Your goal:
Your answer should be the lines below from the one with "by (intro sum_window_le_if_sparse[where" to the one with "coefficient of e1.\<close>", both included, given again exactly and with nothing added.

Stored data entries:
lemma sum_window_le_if_sparse:
  fixes x :: "nat \<Rightarrow> real"
  assumes unique: "\<And>i j. i < m \<Longrightarrow> j < m \<Longrightarrow> t + i \<in> S \<Longrightarrow> t + j \<in> S \<Longrightarrow> i = j"
    and supp: "\<And>k. x k \<noteq> 0 \<Longrightarrow> k \<in> S" and bound: "\<And>k. x k \<le> M" and "0 \<le> M"
  shows "(\<Sum>i<m. x (t + i)) \<le> M"
proof -
  define I where "I = {i. i < m \<and> t + i \<in> S}"
  have "card I \<le> 1"
    using unique by (auto simp: I_def card_le_Suc0_iff_eq)
  have "(\<Sum>i<m. x (t + i)) = (\<Sum>i\<in>I. x (t + i))"
    using supp by (intro sum.mono_neutral_right) (auto simp: I_def)
  also have "\<dots> \<le> card I * M"
    using bound by (intro sum_bounded_above) auto
  also have "\<dots> \<le> M"
    using \<open>card I \<le> 1\<close> \<open>0 \<le> M\<close> by (simp add: mult_left_le_one_le)
  finally show ?thesis .
qed

lemma banach_limit_le_0_if_sparse_support:
  assumes L: "banach_limit L" and x: "x \<in> linf"
    and supp: "\<And>k. x k \<noteq> 0 \<Longrightarrow> k \<in> S" and "sparse_set S"
  shows "L x \<le> 0"
proof -
  obtain M where M: "\<And>k. \<bar>x k\<bar> \<le> M" using x linf_iff by blast
  then have "0 \<le> M" by (meson abs_ge_zero order_trans)
  have "m * L x \<le> M" for m :: nat
  proof -
    obtain T where T: "\<And>t i j. T \<le> t \<Longrightarrow> i < m \<Longrightarrow> j < m \<Longrightarrow> t + i \<in> S \<Longrightarrow> t + j \<in> S \<Longrightarrow> i = j"
      using \<open>sparse_set S\<close> unfolding sparse_set_def by meson
    have "m * L x = (\<Sum>i<m. L (\<lambda>n. x (n + (T + i))))"
      using banach_limit_shift_by[OF L x] by simp
    also have "\<dots> = L (\<lambda>n. \<Sum>i<m. x (n + T + i))"
      using banach_limit_sum[OF L, of "{..<m}"] linf_reindex[OF x] by (simp add: add.assoc)
    also have "\<dots> \<le> L (\<lambda>n. M)"
    proof (intro banach_limit_mono[OF L] linf_sum linf_reindex[OF x] linf_const)
      show "(\<Sum>i<m. x (n + T + i)) \<le> M" for n
        using T[of "n + T"] supp M \<open>0 \<le> M\<close>
        by (intro sum_window_le_if_sparse[where S = S]) (auto simp: abs_le_iff)
    qed
    also have "\<dots> = M" by (rule banach_limit_const[OF L])
    finally show ?thesis .
  qed
  show ?thesis
  proof (rule ccontr)
    assume "\<not> L x \<le> 0"
    moreover obtain m :: nat where "M / L x < m" using reals_Archimedean2 by blast
    ultimately have "M < m * L x" by (simp add: divide_less_eq)
    with \<open>m * L x \<le> M\<close> show False by simp
  qed
qed

lemma banach_limit_eq_0_if_sparse_support:
  assumes "banach_limit L" "x \<in> linf" "\<And>k. x k \<noteq> 0 \<Longrightarrow> k \<in> S" "sparse_set S"
  shows "L x = 0"
proof -
  have "L (\<lambda>n. - x n) \<le> 0"
    using assms by (intro banach_limit_le_0_if_sparse_support[where S = S] linf_uminus) auto
  then show ?thesis
    using banach_limit_le_0_if_sparse_support[OF assms] banach_limit_uminus[OF assms(1,2)] by simp
qed

lemma exp_sum_eventually_nonzero:
  fixes \<gamma> c :: "'a \<Rightarrow> real"
  assumes "finite E" "inj_on \<gamma> E" "e0 \<in> E" "c e0 \<noteq> 0"
  shows "\<forall>\<^sub>F s in at_top. (\<Sum>e\<in>E. c e * exp (\<gamma> e * s)) \<noteq> 0"
proof -
  define F where "F = {e \<in> E. c e \<noteq> 0}"
  have "finite F" "e0 \<in> F" using assms by (auto simp: F_def)
  then have "Max (\<gamma> ` F) \<in> \<gamma> ` F" by (intro Max_in) auto
  then obtain e1 where e1: "e1 \<in> F" "\<gamma> e1 = Max (\<gamma> ` F)" by (metis imageE)
  have less: "\<gamma> e < \<gamma> e1" if "e \<in> F" "e \<noteq> e1" for e
  proof -
    have "\<gamma> e \<le> \<gamma> e1"
      using e1(2) \<open>finite F\<close> \<open>e \<in> F\<close> by simp
    moreover have "\<gamma> e \<noteq> \<gamma> e1"
      using inj_onD[OF assms(2)] that e1(1) by (auto simp: F_def)
    ultimately show ?thesis by simp
  qed
  have exp_decay: "((\<lambda>s. exp (d * s)) \<longlongrightarrow> 0) at_top" if "d < 0" for d :: real
    using that by real_asymp
  \<comment> \<open>After dividing by the dominant exponential the sum tends to the coefficient of e1.\<close>
  have "((\<lambda>s. \<Sum>e\<in>F. c e * exp ((\<gamma> e - \<gamma> e1) * s)) \<longlongrightarrow> (\<Sum>e\<in>F. if e = e1 then c e1 else 0)) at_top"
    using less by (intro tendsto_sum) (auto intro!: tendsto_mult_right_zero exp_decay)
  then have "\<forall>\<^sub>F s in at_top. (\<Sum>e\<in>F. c e * exp ((\<gamma> e - \<gamma> e1) * s)) \<noteq> 0"
    using e1 \<open>finite F\<close> by (intro tendsto_imp_eventually_ne) (auto simp: F_def)
  then show ?thesis
  proof eventually_elim
    case (elim s)
    have "(\<Sum>e\<in>E. c e * exp (\<gamma> e * s)) = (\<Sum>e\<in>F. c e * exp (\<gamma> e * s))"
      using assms(1) by (intro sum.mono_neutral_right) (auto simp: F_def)
    also have "\<dots> = exp (\<gamma> e1 * s) * (\<Sum>e\<in>F. c e * exp ((\<gamma> e - \<gamma> e1) * s))"
      by (simp add: sum_distrib_left left_diff_distrib exp_diff)
    finally show ?case using elim by simp
  qed
qed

Answer to this problem:
        by (intro sum_window_le_if_sparse[where S = S]) (auto simp: abs_le_iff)
    qed
    also have "\<dots> = M" by (rule banach_limit_const[OF L])
    finally show ?thesis .
  qed
  show ?thesis
  proof (rule ccontr)
    assume "\<not> L x \<le> 0"
    moreover obtain m :: nat where "M / L x < m" using reals_Archimedean2 by blast
    ultimately have "M < m * L x" by (simp add: divide_less_eq)
    with \<open>m * L x \<le> M\<close> show False by simp
  qed
qed

lemma banach_limit_eq_0_if_sparse_support:
  assumes "banach_limit L" "x \<in> linf" "\<And>k. x k \<noteq> 0 \<Longrightarrow> k \<in> S" "sparse_set S"
  shows "L x = 0"
proof -
  have "L (\<lambda>n. - x n) \<le> 0"
    using assms by (intro banach_limit_le_0_if_sparse_support[where S = S] linf_uminus) auto
  then show ?thesis
    using banach_limit_le_0_if_sparse_support[OF assms] banach_limit_uminus[OF assms(1,2)] by simp
qed

lemma exp_sum_eventually_nonzero:
  fixes \<gamma> c :: "'a \<Rightarrow> real"
  assumes "finite E" "inj_on \<gamma> E" "e0 \<in> E" "c e0 \<noteq> 0"
  shows "\<forall>\<^sub>F s in at_top. (\<Sum>e\<in>E. c e * exp (\<gamma> e * s)) \<noteq> 0"
proof -
  define F where "F = {e \<in> E. c e \<noteq> 0}"
  have "finite F" "e0 \<in> F" using assms by (auto simp: F_def)
  then have "Max (\<gamma> ` F) \<in> \<gamma> ` F" by (intro Max_in) auto
  then obtain e1 where e1: "e1 \<in> F" "\<gamma> e1 = Max (\<gamma> ` F)" by (metis imageE)
  have less: "\<gamma> e < \<gamma> e1" if "e \<in> F" "e \<noteq> e1" for e
  proof -
    have "\<gamma> e \<le> \<gamma> e1"
      using e1(2) \<open>finite F\<close> \<open>e \<in> F\<close> by simp
    moreover have "\<gamma> e \<noteq> \<gamma> e1"
      using inj_onD[OF assms(2)] that e1(1) by (auto simp: F_def)
    ultimately show ?thesis by simp
  qed
  have exp_decay: "((\<lambda>s. exp (d * s)) \<longlongrightarrow> 0) at_top" if "d < 0" for d :: real
    using that by real_asymp
  \<comment> \<open>After dividing by the dominant exponential the sum tends to the coefficient of e1.\<close>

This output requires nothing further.